I am working with a third client that will be using both a SQL and NoSQL solution (often SQL Server and Mongo). The last two clients I worked with understood a great deal of technical information, so phrases like relational database or document storage made sense to them. I tend to use bank processing as a SQL example and blogging storage as a NoSQL example, which – up to this point – have made sense to my clients. When clients think of examples like transactions and “live feeds” that can be hundreds of thousands of characters, they can sometimes prefer both solutions.
This other client, who’s brilliant in his business, doesn’t have that technical edge (he’s an outstanding charismatic leader, so in no way shape or form am I disparaging him, as we all have our strengths). I’m curious if anyone here has had to explain these database concepts to people unfamiliar with them from a technical angle and what analogies you used to explain how each process works separately and how they would work together?

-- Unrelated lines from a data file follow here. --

(* Let $G$ be a connected Lie group with identity $e$ and consider a discrete-time linear control system on $G$ with control range $U\subset\mathbb{R}^m$ a compact neighborhood of $0$. Let $H$ be a connected Lie subgroup of $G$ and suppose there is a neighborhood $B$ of $e$ in $H$ with $B\subset H\cap\mathcal{R}$ which is invariant under $f_0$ and $f_0^{-1}$. Then $H$ is $f_0$-invariant and $H\subset\mathcal{R}$.
   Context: A discrete-time linear control system on $G$ is given by $f:G\times U\to G$, $f_u:=f(\cdot,u)$, such that $f_0$ is an automorphism of $G$ and $f_u(g)=f_u(e)f_0(g)$ for all $g\in G,u\in U$. Solutions: $\varphi(0,g,u)=g$, $\varphi(k,g,u)=f_{u_{k-1}}\circ\cdots\circ f_{u_0}(g)$ for $u=(u_i)\in U^{\mathbb{N}_0}$; $\mathcal{R}=\bigcup_{k\in\mathbb{N}}\{\varphi(k,e,u)\}$. A set $S$ is invariant under a map $\psi$ if $\psi(S)\subset S$. *)

theory Defs
  imports "HOL-Analysis.Analysis" "HOL-Algebra.Group"
begin

text \<open>By Gleason--Montgomery--Zippin such a group carries a
  unique compatible smooth (even analytic) Lie group structure.\<close>
definition lie_group :: "('g, 'b) monoid_scheme \<Rightarrow> 'g topology \<Rightarrow> bool" where
  "lie_group G T \<longleftrightarrow>
     group G \<and> topspace T = carrier G \<and> Hausdorff_space T \<and>
     continuous_map (prod_topology T T) T (\<lambda>(x, y). x \<otimes>\<^bsub>G\<^esub> y) \<and>
     continuous_map T T (\<lambda>x. inv\<^bsub>G\<^esub> x) \<and>
     (\<exists>n. \<forall>x\<in>topspace T. \<exists>W. openin T W \<and> x \<in> W \<and>
        (\<exists>V. openin (Euclidean_space n) V \<and>
              subtopology T W homeomorphic_space subtopology (Euclidean_space n) V))"

text \<open>A Lie subgroup of (G,T): a subgroup H with its own Lie group topology TH
  such that the inclusion H \<rightarrow> G is continuous (hence an injective immersion).\<close>
definition lie_subgroup ::
  "'g set \<Rightarrow> 'g topology \<Rightarrow> ('g, 'b) monoid_scheme \<Rightarrow> 'g topology \<Rightarrow> bool" where
  "lie_subgroup H TH G T \<longleftrightarrow>
     subgroup H G \<and> lie_group (G\<lparr>carrier := H\<rparr>) TH \<and> continuous_map TH T (\<lambda>x. x)"

definition linear_control_system ::
  "('g, 'b) monoid_scheme \<Rightarrow> 'g topology \<Rightarrow> 'u set \<Rightarrow> ('g \<Rightarrow> 'u::zero \<Rightarrow> 'g) \<Rightarrow> bool" where
  "linear_control_system G T U f \<longleftrightarrow>
     0 \<in> U \<and>
     (\<forall>g\<in>carrier G. \<forall>u\<in>U. f g u \<in> carrier G) \<and>
     (\<lambda>g. f g 0) \<in> hom G G \<and> bij_betw (\<lambda>g. f g 0) (carrier G) (carrier G) \<and>
     homeomorphic_map T T (\<lambda>g. f g 0) \<and>
     (\<forall>g\<in>carrier G. \<forall>u\<in>U. f g u = f (\<one>\<^bsub>G\<^esub>) u \<otimes>\<^bsub>G\<^esub> f g 0)"

primrec phi :: "('g \<Rightarrow> 'u \<Rightarrow> 'g) \<Rightarrow> nat \<Rightarrow> 'g \<Rightarrow> (nat \<Rightarrow> 'u) \<Rightarrow> 'g" where
  "phi f 0 g u = g"
| "phi f (Suc k) g u = f (phi f k g u) (u k)"

definition reachable :: "('g, 'b) monoid_scheme \<Rightarrow> 'u set \<Rightarrow> ('g \<Rightarrow> 'u \<Rightarrow> 'g) \<Rightarrow> 'g set" where
  "reachable G U f = {phi f k (\<one>\<^bsub>G\<^esub>) u | k u. k \<ge> 1 \<and> (\<forall>i. u i \<in> U)}"

end

theory Submission
  imports Defs
begin

text \<open>Because \<open>H\<close> is connected, an open neighbourhood \<open>V \<subseteq> B\<close> of \<open>e\<close> generates \<open>H\<close> even as
  a semigroup: the set of finite products of elements of \<open>V\<close> is open and closed in \<open>H\<close>.
  It therefore suffices that \<open>f\<^sub>0 x \<in> H\<close> and \<open>x \<in> \<R>\<close> are preserved under right multiplication
  by elements of \<open>V\<close>. For \<open>f\<^sub>0\<close> this is multiplicativity. For \<open>\<R>\<close> it is the identity
  \<open>\<phi>(k + l, e, u v) = \<phi>(l, e, v) f\<^sub>0\<^sup>l(\<phi>(k, e, u))\<close> for concatenated controls: given
  \<open>x = \<phi>(l, e, v) \<in> \<R>\<close> and \<open>b \<in> B\<close>, the point \<open>f\<^sub>0\<^sup>-\<^sup>l(b)\<close> lies in \<open>B \<subseteq> \<R>\<close> by invariance
  under \<open>f\<^sub>0\<^sup>-\<^sup>1\<close>, so \<open>x b \<in> \<R>\<close>.\<close>

inductive_set semigroup_generate :: "('a, 'c) monoid_scheme \<Rightarrow> 'a set \<Rightarrow> 'a set"
  for K V where
  incl: "v \<in> V \<Longrightarrow> v \<in> semigroup_generate K V"
| mult: "s \<in> semigroup_generate K V \<Longrightarrow> v \<in> V \<Longrightarrow> s \<otimes>\<^bsub>K\<^esub> v \<in> semigroup_generate K V"

lemma semigroup_generate_minimal:
  assumes "V \<subseteq> S" and "\<And>s v. s \<in> S \<Longrightarrow> v \<in> V \<Longrightarrow> s \<otimes>\<^bsub>K\<^esub> v \<in> S"
  shows "semigroup_generate K V \<subseteq> S"
proof
  fix x assume "x \<in> semigroup_generate K V"
  then show "x \<in> S" by induction (use assms in auto)
qed

lemma (in group) hom_image_semigroup_generate_subset:
  assumes h: "h \<in> hom G K" and H: "subgroup H K" and V: "V \<subseteq> carrier G" "h ` V \<subseteq> H"
  shows "h ` semigroup_generate G V \<subseteq> H"
proof -
  have "semigroup_generate G V \<subseteq> {x \<in> carrier G. h x \<in> H}"
  proof (rule semigroup_generate_minimal)
    fix s v assume s: "s \<in> {x \<in> carrier G. h x \<in> H}" and v: "v \<in> V"
    then have "h (s \<otimes> v) = h s \<otimes>\<^bsub>K\<^esub> h v"
      using V(1) by (auto intro: hom_mult[OF h])
    then show "s \<otimes> v \<in> {x \<in> carrier G. h x \<in> H}"
      using s v V by (auto intro: subgroup.m_closed[OF H])
  qed (use V in auto)
  then show ?thesis by blast
qed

NoSQL (or schemaless, or document-store, or what-have-you) databases store information like you would recipes in a book. When you want to know how to make a cake, you go to that recipe, and all of the information about how to make that cake (ingredients, preparation, mixing, baking, finishing, etc.) are all on that one page.
SQL is like shopping for the ingredients for the recipe. In order to get all of your ingredients into your cart, you have to go to many different aisles to get each ingredient. When you are done shopping, your grocery cart will be full of all of the ingredients you had to run around and collect.
Wouldn’t it be nicer if there was a store was organized by recipe, so you could go to one place in the store and grab everything you need from that one spot? Granted you’ll find ingredients like eggs in 50 different places, so there’s a bit of overhead when stocking the shelves, but from a consumer standpoint it was much easier/faster to find what they were looking for.